After the try, I noticed some points to take care of. Before listing these points, I will show you how to use native flask request to parse the inputs.

Note

The flask-restplus official doc suggests to use marshmallow to replace reqparse.

Parsing inputs with the native flask request#

The native Flask Request object has many attributes. To parse the incoming inputs, we can mainly use:

from flask import request
request.args
request.json
request.data
request.form
request.headers
request.authorization

request is a global object always available in any active request contexts.

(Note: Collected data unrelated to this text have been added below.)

(* Fix $\beta>1$. There exist $\varepsilon>0$ and $\delta>0$ such that for every power series of the form $g(x)=1+\sum_{k=1}^\infty(a_k-b_k)x^k$ with $(a_1,a_2,\ldots)\in S_\beta^+$ and $(b_1,b_2,\ldots)\in S_\beta^+$, and every $x\in[0,1/\beta+\varepsilon]$, if $|g(x)|<\delta$ then $g'(x)<-\delta$.
   Context: For $\beta>1$ let $f_\beta\colon[0,1]\to[0,1)$, $f_\beta(x)=\beta x\bmod 1$, and for $x\in[0,1]$ let $d(x,\beta)=(d_k(x,\beta))_{k\ge1}$ with $d_k(x,\beta)=\lfloor\beta f_\beta^{k-1}(x)\rfloor$. $S_\beta^+$ denotes the closure, in the product topology on $\{0,1,\ldots,\lfloor\beta\rfloor\}^{\mathbb N}$, of $\{d(x,\beta):x\in[0,1)\}$. *)

theory Defs
  imports "HOL-Analysis.Analysis"
begin

definition fbeta :: "real \<Rightarrow> real \<Rightarrow> real" where
  "fbeta \<beta> x = \<beta> * x - of_int \<lfloor>\<beta> * x\<rfloor>"

text \<open>Greedy digits, 0-indexed: beta_digit beta x k = d_(k+1)(x, beta)
  = floor(beta * f_beta^k(x)).\<close>
definition beta_digit :: "real \<Rightarrow> real \<Rightarrow> nat \<Rightarrow> nat" where
  "beta_digit \<beta> x k = nat \<lfloor>\<beta> * (fbeta \<beta> ^^ k) x\<rfloor>"

text \<open>S_beta^+: closure (product topology on nat => nat, nat discrete) of the
  digit sequences of points of [0,1). Sequences are 0-indexed (s 0 = s_1).\<close>
definition Sbeta_plus :: "real \<Rightarrow> (nat \<Rightarrow> nat) set" where
  "Sbeta_plus \<beta> = closure ((\<lambda>x. beta_digit \<beta> x) ` {0..<1})"

definition gser :: "(nat \<Rightarrow> nat) \<Rightarrow> (nat \<Rightarrow> nat) \<Rightarrow> real \<Rightarrow> real" where
  "gser a b y = 1 + (\<Sum>k. (real (a k) - real (b k)) * y ^ Suc k)"

end

theory Submission
  imports Defs
begin

text \<open>Write \<open>S\<^sub>c(x) = \<Sum>\<^sub>k c\<^sub>k x\<^sup>k\<^sup>+\<^sup>1\<close>, so that \<open>g = 1 + S\<^sub>a - S\<^sub>b\<close> and
  \<open>g' = S\<^sub>a' - S\<^sub>b'\<close>. Sequences in \<open>S\<^sub>\<beta>\<^sup>+\<close> have digits at most \<open>\<beta>\<close> and
  \<open>S\<^sub>c(1/\<beta>) \<le> 1\<close>, so \<open>S\<^sub>b \<le> 1 + \<theta>/2\<close> on \<open>[0, 1/\<beta> + \<epsilon>]\<close>. If \<open>|g(x)| < \<delta>\<close>, then
  \<open>S\<^sub>b(x)\<close> is close to 1, which bounds \<open>x\<close> below by some \<open>x\<^sub>0 > 0\<close>, and
  \<open>S\<^sub>a(x) < \<theta>\<close>. Choosing \<open>\<theta> = x\<^sub>0\<^sup>K\<close> forces \<open>a\<^sub>0 = \<dots> = a\<^sub>K\<^sub>-\<^sub>1 = 0\<close>, so \<open>S\<^sub>a'(x)\<close>
  is at most the \<open>K\<close>-th tail of a fixed convergent series, which is below \<open>1/2\<close> for
  large \<open>K\<close>, while \<open>S\<^sub>b'(x) \<ge> S\<^sub>b(x)\<close> is close to 1.\<close>

lemma fbeta_nonneg: "0 \<le> fbeta \<beta> x"
  and fbeta_less_one: "fbeta \<beta> x < 1"
  unfolding fbeta_def by linarith+

lemma funpow_fbeta_nonneg: "0 \<le> x \<Longrightarrow> 0 \<le> (fbeta \<beta> ^^ k) x"
  by (cases k) (auto simp: fbeta_nonneg)

lemma funpow_fbeta_less_one: "x < 1 \<Longrightarrow> (fbeta \<beta> ^^ k) x < 1"
  by (cases k) (auto simp: fbeta_less_one)

lemma beta_expansion:
  assumes "0 < \<beta>" and "0 \<le> x"
  shows "x = (\<Sum>k<N. real (beta_digit \<beta> x k) / \<beta> ^ Suc k) + (fbeta \<beta> ^^ N) x / \<beta> ^ N"
proof (induction N)
  case 0
  then show ?case by simp
next
  case (Suc N)
  let ?y = "(fbeta \<beta> ^^ N) x"
  have "0 \<le> \<lfloor>\<beta> * ?y\<rfloor>"
    using funpow_fbeta_nonneg[OF \<open>0 \<le> x\<close>] \<open>0 < \<beta>\<close> by simp
  then have digit: "real (beta_digit \<beta> x N) = of_int \<lfloor>\<beta> * ?y\<rfloor>"
    unfolding beta_digit_def by simp
  have "?y / \<beta> ^ N = real (beta_digit \<beta> x N) / \<beta> ^ Suc N + (fbeta \<beta> ^^ Suc N) x / \<beta> ^ Suc N"
    using \<open>0 < \<beta>\<close> by (simp add: digit fbeta_def field_simps)
  with Suc show ?case by simp
qed

lemma beta_digit_le_floor:
  assumes "0 \<le> \<beta>" and "x \<in> {0..<1}"
  shows "beta_digit \<beta> x k \<le> nat \<lfloor>\<beta>\<rfloor>"
proof -
  let ?y = "(fbeta \<beta> ^^ k) x"
  have "0 \<le> ?y" "?y < 1"
    using assms funpow_fbeta_nonneg funpow_fbeta_less_one by auto
  with \<open>0 \<le> \<beta>\<close> have "\<lfloor>\<beta> * ?y\<rfloor> \<le> \<lfloor>\<beta>\<rfloor>"
    by (intro floor_mono) (simp add: mult_left_le)
  then show ?thesis
    unfolding beta_digit_def by (simp add: nat_mono)
qed

lemma beta_digit_partial_sum_le_one:
  assumes "0 < \<beta>" and "x \<in> {0..<1}"
  shows "(\<Sum>k<N. real (beta_digit \<beta> x k) / \<beta> ^ Suc k) \<le> 1"
proof -
  have "0 \<le> (fbeta \<beta> ^^ N) x / \<beta> ^ N"
    using assms funpow_fbeta_nonneg by simp
  with beta_expansion[of \<beta> x N] assms show ?thesis
    by simp
qed

lemma continuous_on_real_coordinate: "continuous_on UNIV (\<lambda>c::nat \<Rightarrow> nat. real (c k))"
  using continuous_on_compose[of UNIV "\<lambda>c::nat \<Rightarrow> nat. c k" real]
  by (simp add: continuous_on_discrete o_def)

lemma closed_coordinatewise_le: "closed {c::nat \<Rightarrow> nat. \<forall>k. c k \<le> m}"
proof -
  have "closed {c::nat \<Rightarrow> nat. real (c k) \<le> real m}" for k
    by (rule closed_Collect_le[OF continuous_on_real_coordinate continuous_on_const])
  then have "closed (\<Inter>k. {c::nat \<Rightarrow> nat. c k \<le> m})"
    by (intro closed_INT) simp
  then show ?thesis
    by (simp add: Collect_all_eq)
qed

lemma closed_partial_sums_le:
  "closed {c::nat \<Rightarrow> nat. \<forall>N. (\<Sum>k<N. real (c k) * w k) \<le> t}"
proof -
  have "closed {c::nat \<Rightarrow> nat. (\<Sum>k<N. real (c k) * w k) \<le> t}" for N
    by (intro closed_Collect_le continuous_on_sum continuous_on_mult_right
        continuous_on_real_coordinate continuous_on_const)
  then have "closed (\<Inter>N. {c::nat \<Rightarrow> nat. (\<Sum>k<N. real (c k) * w k) \<le> t})"
    by (intro closed_INT) simp
  then show ?thesis
    by (simp add: Collect_all_eq)
qed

Point 1. Smart boolean type#

flask-restplus's boolean type is actually a smart boolean type, which can convert bool True, or string "True", "tRue", "1" etc., or int 1 to True, so as to False. This is very smart.

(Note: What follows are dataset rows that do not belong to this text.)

(* Let $d\le3$. For all $E>0$ and $\tau\in[0,4-d)$ there exists a constant $C_{E,\tau}$, uniformly bounded for $E$ in compact subsets of $(0,\infty)$, such that for all $L\ge1$ and all $\eta>0$, $$\int_{\Lambda_L^*}\frac{\langle a\rangle^\tau}{|a^2-E-i\eta|^2}da\le C_{E,\tau}(1+\eta^{-2}).$$
   Context: $\Lambda_L=[-L/2,L/2)^d$, $\Lambda_L^*=(\frac1L\mathbb Z)^d$, $\int_{\Lambda_L^*}g(a)da:=|\Lambda_L|^{-1}\sum_{a\in\Lambda_L^*}g(a)$; $a^2=|a|^2$ and $\langle a\rangle=(1+|a|^2)^{1/2}$. *)

theory Defs
  imports "HOL-Analysis.Analysis"
begin

text \<open>The dual lattice point k/L of the lattice (1/L Z)^d, with k in Z^d.\<close>
definition dual_pt :: "real \<Rightarrow> int ^ 'n \<Rightarrow> real ^ 'n" where
  "dual_pt L k = (\<chi> i. of_int (k $ i) / L)"

definition jbr :: "real ^ 'n \<Rightarrow> real" where
  "jbr a = sqrt (1 + (norm a)\<^sup>2)"

definition integrand22 :: "real \<Rightarrow> real \<Rightarrow> real \<Rightarrow> real ^ 'n \<Rightarrow> real" where
  "integrand22 E \<tau> \<eta> a =
     jbr a powr \<tau> / (cmod (complex_of_real ((norm a)\<^sup>2) - complex_of_real E - \<i> * complex_of_real \<eta>))\<^sup>2"

end

theory Submission
  imports Defs
begin

text \<open>
  With \<open>y = |a|\<close>, split at \<open>y\<^sup>2 = 2E + 2\<close>: below it the denominator is at least \<open>\<eta>\<^sup>2\<close>
  and the numerator is bounded in terms of \<open>E\<close>; above it \<open>y\<^sup>2 - E \<ge> (1 + y\<^sup>2)/2\<close>. Either way
  the integrand is at most \<open>c(E) (1 + 1/\<eta>\<^sup>2) (1 + |a|) powr (\<tau> - 4)\<close> with \<open>c\<close> polynomial in \<open>E\<close>.
  As \<open>|a\<^sub>i| \<le> |a|\<close>, this decay is dominated by the product of the \<open>(1 + |a\<^sub>i|) powr (-p)\<close> with
  \<open>p = (4 - \<tau>)/d > 1\<close> (this is where \<open>\<tau> < 4 - d\<close> enters), so the lattice sum factorises into
  \<open>d\<close> one-dimensional sums \<open>\<Sum>\<^sub>j (1 + |j|/L) powr (-p) \<le> L (1 + 2/(p - 1))\<close>, each bounded by
  comparison with an integral; the resulting factor \<open>L\<^sup>d\<close> cancels the normalisation.
\<close>

lemma one_plus_mult_le_powr:
  fixes q u :: real
  assumes "q \<ge> 0" "u < 1"
  shows "1 + q * u \<le> (1 - u) powr (-q)"
proof -
  have "ln (1 - u) \<le> -u"
    using ln_le_minus_one[of "1 - u"] assms by simp
  then have "q * u \<le> -q * ln (1 - u)"
    using mult_left_mono[of "ln (1 - u)" "-u" q] assms by simp
  also have "1 + -q * ln (1 - u) \<le> exp (-q * ln (1 - u))"
    by (rule exp_ge_add_one_self)
  also have "\<dots> = (1 - u) powr (-q)"
    using assms by (simp add: powr_def)
  finally show ?thesis by simp
qed

lemma powr_step_le_primitive_diff:
  fixes p x \<delta> :: real
  assumes "p > 1" "x > -1" "\<delta> \<ge> 0"
  shows "\<delta> * (1 + x + \<delta>) powr (-p)
           \<le> ((1 + x) powr (1 - p) - (1 + x + \<delta>) powr (1 - p)) / (p - 1)"
proof -
  define y where "y = 1 + x + \<delta>"
  define u where "u = \<delta> / y"
  have y: "y > 0" and u: "u < 1"
    using assms by (auto simp: y_def u_def)
  have "1 + x = (1 - u) * y"
    using y by (simp add: u_def y_def field_simps)
  then have "(1 + x) powr (1 - p) = (1 - u) powr (1 - p) * y powr (1 - p)"
    using y u by (simp add: powr_mult)
  moreover have "1 + (p - 1) * u \<le> (1 - u) powr (1 - p)"
    using one_plus_mult_le_powr[of "p - 1" u] u assms by simp
  ultimately have "(1 + (p - 1) * u) * y powr (1 - p) \<le> (1 + x) powr (1 - p)"
    by (simp add: mult_right_mono)
  moreover have "y powr (1 - p) = y * y powr (-p)"
    using y powr_add[of y 1 "-p"] by simp
  then have "(1 + (p - 1) * u) * y powr (1 - p) = y powr (1 - p) + (p - 1) * (\<delta> * y powr (-p))"
    using y by (simp add: u_def field_simps)
  ultimately have "y powr (1 - p) + (p - 1) * (\<delta> * y powr (-p)) \<le> (1 + x) powr (1 - p)"
    by simp
  then show ?thesis
    using assms by (simp add: y_def field_simps)
qed

lemma sum_symmetric_powr_le:
  fixes L p :: real
  assumes L: "L \<ge> 1" and p: "p > 1"
  shows "(\<Sum>j\<in>{-int N..int N}. (1 + \<bar>real_of_int j\<bar> / L) powr (-p)) \<le> L * (1 + 2 / (p - 1))"
proof -
  \<comment> \<open>\<open>- F\<close> is a primitive of \<open>(1 + y) powr (-p)\<close>: the sum is compared with the integral.\<close>
  define F where "F y = (1 + y) powr (1 - p) / (p - 1)" for y :: real
  have telescope: "(\<Sum>j\<in>{-int N..int N}. (1 + \<bar>real_of_int j\<bar> / L) powr (-p))
                     \<le> L + 2 * L * (F 0 - F (real N / L))" for N
  proof (induction N)
    case 0
    then show ?case using L by (simp add: F_def)
  next
    case (Suc N)
    have "{-int (Suc N)..int (Suc N)} = insert (-int (Suc N)) (insert (int (Suc N)) {-int N..int N})"
      by auto
    then have "(\<Sum>j\<in>{-int (Suc N)..int (Suc N)}. (1 + \<bar>real_of_int j\<bar> / L) powr (-p))
        = (\<Sum>j\<in>{-int N..int N}. (1 + \<bar>real_of_int j\<bar> / L) powr (-p))
          + 2 * (1 + real N / L + 1 / L) powr (-p)"
      by (simp add: add_divide_distrib add_ac)
    also have "(1 + real N / L + 1 / L) powr (-p) \<le> L * (F (real N / L) - F (real (Suc N) / L))"
    proof -
      have "0 \<le> real N / L"
        using L by simp
      then have N_gt: "-1 < real N / L"
        by linarith
      have "1 / L * (1 + real N / L + 1 / L) powr (-p) \<le> F (real N / L) - F (real N / L + 1 / L)"
        using powr_step_le_primitive_diff[OF p N_gt, of "1 / L"] L
        by (simp add: F_def diff_divide_distrib add_ac)
      moreover have "real (Suc N) / L = real N / L + 1 / L"
        by (simp add: add_divide_distrib)
      ultimately show ?thesis
        using L by (simp add: field_simps)
    qed
    finally show ?case using Suc.IH by (simp add: algebra_simps)
  qed
  have "L * F (real N / L) \<ge> 0" "F 0 = 1 / (p - 1)"
    using L p by (simp_all add: F_def)
  then have "L + 2 * L * (F 0 - F (real N / L)) \<le> L * (1 + 2 / (p - 1))"
    by (simp add: algebra_simps)
  then show ?thesis
    using telescope[of N] by linarith
qed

parser.add_argument('flag', type=inputs.boolean)

When I rolled back to using the flask.request, there's no such smartness, so be careful how the API parsed the inputs with flask-restplus previously. If it accepted for example the string 'false' as smart boolean, which will be converted to boolean False with flask-restplus, once migrated to the native flask.request.json, the string 'false' is considered as a boolean True.

>>> bool("false")
True

So maybe as a quick backward compatible workaround, we can reuse the smart boolean source code.

Point 2. Optional inputs#

flask-restplus can define an optional input like this:

parser.add_argument('name', required=False, help="Name cannot blank!")

If user doesn't provide name in the inputs, the reqparse will render it as {"name": None}, which means the optional input has None as its default value.

But in the native flask.request.json, we won't see this input at all if it was not provided. So if the API backend must need the input name, we must add some protection.

Tests#

In the end, I would just like to suggest everyone to write as many tests as we can to cover all the use cases.